━━ Dataset content ━━
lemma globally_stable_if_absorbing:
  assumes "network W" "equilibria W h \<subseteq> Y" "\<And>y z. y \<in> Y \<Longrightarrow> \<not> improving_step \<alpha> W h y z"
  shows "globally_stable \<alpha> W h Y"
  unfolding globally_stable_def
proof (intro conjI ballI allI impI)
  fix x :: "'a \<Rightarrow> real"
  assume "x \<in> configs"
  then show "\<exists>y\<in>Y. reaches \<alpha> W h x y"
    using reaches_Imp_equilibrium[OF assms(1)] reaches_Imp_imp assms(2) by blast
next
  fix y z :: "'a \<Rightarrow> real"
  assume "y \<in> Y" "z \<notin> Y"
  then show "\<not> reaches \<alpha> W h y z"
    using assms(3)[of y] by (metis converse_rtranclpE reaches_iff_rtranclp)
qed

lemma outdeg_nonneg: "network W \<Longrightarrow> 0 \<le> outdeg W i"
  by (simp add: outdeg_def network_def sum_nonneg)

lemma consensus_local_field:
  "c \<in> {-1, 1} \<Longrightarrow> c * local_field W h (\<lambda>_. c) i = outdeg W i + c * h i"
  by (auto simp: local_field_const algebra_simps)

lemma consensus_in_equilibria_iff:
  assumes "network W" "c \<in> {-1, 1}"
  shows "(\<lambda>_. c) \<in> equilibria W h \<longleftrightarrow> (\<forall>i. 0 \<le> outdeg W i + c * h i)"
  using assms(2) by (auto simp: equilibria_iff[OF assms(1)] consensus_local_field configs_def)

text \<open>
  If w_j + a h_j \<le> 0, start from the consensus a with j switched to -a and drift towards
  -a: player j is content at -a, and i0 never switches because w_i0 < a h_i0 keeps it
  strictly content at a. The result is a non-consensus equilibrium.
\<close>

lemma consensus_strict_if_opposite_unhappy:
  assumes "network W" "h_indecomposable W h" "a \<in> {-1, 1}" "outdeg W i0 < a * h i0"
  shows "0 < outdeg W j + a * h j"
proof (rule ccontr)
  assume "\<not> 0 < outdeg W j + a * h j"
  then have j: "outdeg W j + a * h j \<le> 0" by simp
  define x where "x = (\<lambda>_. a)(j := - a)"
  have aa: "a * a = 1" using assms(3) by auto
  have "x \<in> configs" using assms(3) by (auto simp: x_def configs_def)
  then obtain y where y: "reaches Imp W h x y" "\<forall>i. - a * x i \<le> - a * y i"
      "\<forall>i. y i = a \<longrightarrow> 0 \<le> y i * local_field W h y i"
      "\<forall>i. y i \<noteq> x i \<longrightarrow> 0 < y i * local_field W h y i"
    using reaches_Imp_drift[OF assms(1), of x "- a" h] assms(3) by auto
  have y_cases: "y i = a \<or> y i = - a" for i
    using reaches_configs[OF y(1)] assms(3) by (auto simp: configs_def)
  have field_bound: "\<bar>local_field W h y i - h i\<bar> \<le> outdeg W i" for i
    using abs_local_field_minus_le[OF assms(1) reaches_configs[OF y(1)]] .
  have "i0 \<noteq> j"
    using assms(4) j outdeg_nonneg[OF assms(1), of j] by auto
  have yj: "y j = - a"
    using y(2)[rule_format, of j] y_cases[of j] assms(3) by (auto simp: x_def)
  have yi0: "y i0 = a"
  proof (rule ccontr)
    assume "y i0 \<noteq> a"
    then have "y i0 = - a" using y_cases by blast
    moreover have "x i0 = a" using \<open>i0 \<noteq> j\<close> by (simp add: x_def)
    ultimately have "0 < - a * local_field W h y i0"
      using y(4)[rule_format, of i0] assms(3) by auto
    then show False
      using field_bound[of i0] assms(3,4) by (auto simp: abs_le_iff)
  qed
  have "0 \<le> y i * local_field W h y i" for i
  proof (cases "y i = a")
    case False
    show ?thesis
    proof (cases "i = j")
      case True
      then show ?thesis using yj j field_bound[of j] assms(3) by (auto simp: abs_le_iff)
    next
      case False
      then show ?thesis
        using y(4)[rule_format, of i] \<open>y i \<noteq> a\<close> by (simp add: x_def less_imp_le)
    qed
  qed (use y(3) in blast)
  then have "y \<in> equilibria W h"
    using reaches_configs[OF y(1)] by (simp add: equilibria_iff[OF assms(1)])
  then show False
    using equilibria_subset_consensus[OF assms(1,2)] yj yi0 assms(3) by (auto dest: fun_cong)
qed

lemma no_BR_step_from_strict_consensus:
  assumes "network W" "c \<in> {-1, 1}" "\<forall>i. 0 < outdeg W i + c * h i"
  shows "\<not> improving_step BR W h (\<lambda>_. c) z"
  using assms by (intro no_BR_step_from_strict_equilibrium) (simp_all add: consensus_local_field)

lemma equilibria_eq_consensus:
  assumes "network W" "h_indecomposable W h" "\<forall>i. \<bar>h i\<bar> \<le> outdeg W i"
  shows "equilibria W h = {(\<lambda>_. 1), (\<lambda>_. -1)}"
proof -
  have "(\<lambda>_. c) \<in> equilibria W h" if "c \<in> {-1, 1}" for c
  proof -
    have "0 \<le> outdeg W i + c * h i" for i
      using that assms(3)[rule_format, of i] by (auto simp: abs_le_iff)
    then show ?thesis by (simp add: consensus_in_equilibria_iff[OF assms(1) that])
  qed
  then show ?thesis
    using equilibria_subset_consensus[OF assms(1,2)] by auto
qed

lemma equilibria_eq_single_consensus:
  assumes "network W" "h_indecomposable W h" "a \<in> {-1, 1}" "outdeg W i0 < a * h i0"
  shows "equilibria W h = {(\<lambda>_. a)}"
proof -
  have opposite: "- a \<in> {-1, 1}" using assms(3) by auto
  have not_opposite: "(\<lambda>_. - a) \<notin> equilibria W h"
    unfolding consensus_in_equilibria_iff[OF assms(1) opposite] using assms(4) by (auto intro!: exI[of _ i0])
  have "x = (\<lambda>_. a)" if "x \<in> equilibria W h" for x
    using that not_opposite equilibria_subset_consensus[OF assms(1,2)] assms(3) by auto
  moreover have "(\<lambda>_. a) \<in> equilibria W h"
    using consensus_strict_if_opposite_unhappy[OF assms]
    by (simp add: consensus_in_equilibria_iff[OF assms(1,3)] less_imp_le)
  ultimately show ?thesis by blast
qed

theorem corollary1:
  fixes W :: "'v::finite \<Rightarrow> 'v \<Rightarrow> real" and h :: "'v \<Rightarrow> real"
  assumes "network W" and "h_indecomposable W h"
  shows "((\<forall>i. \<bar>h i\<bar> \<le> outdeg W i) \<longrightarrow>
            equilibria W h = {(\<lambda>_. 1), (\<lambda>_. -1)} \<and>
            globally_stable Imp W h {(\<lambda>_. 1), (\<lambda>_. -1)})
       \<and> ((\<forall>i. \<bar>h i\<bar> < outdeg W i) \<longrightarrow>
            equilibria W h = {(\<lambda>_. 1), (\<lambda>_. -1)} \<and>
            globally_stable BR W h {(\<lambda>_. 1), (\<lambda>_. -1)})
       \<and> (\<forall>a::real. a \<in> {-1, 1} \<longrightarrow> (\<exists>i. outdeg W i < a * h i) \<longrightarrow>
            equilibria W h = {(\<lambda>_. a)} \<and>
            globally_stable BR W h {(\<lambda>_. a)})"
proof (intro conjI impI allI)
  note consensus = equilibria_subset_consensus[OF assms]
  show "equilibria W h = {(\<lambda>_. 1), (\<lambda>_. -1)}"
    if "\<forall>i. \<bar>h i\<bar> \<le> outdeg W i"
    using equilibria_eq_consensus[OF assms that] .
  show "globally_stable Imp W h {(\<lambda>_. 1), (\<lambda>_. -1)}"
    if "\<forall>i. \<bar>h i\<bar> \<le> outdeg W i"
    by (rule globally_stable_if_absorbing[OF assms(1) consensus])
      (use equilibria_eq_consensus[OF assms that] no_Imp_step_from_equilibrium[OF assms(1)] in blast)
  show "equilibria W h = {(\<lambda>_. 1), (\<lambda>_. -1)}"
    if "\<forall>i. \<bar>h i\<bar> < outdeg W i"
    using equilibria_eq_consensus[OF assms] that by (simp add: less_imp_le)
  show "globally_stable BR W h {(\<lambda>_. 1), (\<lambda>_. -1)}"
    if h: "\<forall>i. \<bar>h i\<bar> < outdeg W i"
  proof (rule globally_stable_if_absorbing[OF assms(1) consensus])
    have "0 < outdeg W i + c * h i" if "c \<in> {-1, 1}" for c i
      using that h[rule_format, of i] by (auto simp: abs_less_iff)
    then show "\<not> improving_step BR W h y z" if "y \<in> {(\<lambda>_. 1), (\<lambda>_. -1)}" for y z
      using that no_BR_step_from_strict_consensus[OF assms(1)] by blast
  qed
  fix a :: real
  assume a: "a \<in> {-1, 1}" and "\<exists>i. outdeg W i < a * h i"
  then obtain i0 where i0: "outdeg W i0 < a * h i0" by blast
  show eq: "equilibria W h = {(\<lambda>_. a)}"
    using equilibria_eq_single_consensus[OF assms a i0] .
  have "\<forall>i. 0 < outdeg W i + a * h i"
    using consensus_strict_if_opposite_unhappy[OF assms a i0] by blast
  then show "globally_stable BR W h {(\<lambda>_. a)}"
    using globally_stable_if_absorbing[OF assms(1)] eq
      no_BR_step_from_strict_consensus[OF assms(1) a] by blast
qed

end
━━━
━━ Dataset content ━━
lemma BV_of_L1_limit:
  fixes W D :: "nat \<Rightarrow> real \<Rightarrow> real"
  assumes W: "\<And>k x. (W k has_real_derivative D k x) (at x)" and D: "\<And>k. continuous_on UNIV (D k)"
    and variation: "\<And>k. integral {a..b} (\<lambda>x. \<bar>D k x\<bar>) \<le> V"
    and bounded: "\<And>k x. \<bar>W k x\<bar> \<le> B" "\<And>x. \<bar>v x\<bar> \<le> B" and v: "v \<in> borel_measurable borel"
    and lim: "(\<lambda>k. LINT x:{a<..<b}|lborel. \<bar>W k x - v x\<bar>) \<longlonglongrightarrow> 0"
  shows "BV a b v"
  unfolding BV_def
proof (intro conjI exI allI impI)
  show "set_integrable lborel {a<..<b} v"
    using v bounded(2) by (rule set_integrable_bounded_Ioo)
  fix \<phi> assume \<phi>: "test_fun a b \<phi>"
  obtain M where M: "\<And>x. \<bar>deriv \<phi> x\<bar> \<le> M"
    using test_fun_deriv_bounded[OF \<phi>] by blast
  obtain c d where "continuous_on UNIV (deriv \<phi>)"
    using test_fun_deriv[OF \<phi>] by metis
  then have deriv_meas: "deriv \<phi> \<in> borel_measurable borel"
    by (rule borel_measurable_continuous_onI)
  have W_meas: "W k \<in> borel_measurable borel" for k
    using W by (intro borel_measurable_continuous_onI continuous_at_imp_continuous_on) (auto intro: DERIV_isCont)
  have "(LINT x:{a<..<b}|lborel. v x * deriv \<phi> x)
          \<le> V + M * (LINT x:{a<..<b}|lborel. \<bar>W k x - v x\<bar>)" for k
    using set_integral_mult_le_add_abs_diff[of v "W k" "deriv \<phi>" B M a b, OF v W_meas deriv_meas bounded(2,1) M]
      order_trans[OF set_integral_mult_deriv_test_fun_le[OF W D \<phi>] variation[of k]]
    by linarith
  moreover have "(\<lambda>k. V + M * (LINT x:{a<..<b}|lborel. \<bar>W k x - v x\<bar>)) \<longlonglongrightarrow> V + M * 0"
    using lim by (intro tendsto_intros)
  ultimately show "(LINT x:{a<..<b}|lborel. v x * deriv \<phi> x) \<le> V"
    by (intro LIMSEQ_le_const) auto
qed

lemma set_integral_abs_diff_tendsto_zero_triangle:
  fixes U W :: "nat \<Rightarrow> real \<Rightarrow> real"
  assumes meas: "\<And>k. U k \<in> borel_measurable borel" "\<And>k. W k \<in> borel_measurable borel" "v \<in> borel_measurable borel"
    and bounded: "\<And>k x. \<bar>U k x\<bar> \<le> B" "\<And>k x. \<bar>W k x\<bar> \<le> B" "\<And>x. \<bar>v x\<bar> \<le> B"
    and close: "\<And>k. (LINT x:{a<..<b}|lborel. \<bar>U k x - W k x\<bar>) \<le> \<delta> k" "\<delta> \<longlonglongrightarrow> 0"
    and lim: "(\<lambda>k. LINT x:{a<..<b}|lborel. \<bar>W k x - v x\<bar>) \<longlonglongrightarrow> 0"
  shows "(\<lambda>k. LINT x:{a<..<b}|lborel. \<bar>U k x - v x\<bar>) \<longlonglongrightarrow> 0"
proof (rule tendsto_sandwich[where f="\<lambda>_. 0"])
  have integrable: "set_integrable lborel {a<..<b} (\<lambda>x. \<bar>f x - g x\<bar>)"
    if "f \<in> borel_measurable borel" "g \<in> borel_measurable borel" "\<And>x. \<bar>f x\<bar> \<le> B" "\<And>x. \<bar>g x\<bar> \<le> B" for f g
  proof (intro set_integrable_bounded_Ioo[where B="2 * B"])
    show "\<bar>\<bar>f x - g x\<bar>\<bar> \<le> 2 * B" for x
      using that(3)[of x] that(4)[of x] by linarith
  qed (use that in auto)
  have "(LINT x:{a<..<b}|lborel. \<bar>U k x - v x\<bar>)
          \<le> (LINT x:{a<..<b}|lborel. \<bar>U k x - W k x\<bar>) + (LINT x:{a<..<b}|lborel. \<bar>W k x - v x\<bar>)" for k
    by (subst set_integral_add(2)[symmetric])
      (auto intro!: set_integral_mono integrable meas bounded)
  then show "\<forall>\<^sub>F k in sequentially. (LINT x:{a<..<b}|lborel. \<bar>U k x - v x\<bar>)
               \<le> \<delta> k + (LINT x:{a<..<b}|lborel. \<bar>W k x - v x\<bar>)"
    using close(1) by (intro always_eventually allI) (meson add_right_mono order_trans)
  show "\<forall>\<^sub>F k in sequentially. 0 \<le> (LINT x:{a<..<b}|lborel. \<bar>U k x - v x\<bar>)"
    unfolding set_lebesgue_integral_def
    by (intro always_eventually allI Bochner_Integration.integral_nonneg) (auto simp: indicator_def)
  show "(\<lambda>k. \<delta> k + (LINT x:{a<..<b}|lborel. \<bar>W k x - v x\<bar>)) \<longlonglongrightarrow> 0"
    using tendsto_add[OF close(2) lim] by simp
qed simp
━━━
What lines in the listing contain "impI"? Copy them all.

| Result below |
proof (intro conjI ballI allI impI)
proof (intro conjI impI allI)
proof (intro conjI exI allI impI)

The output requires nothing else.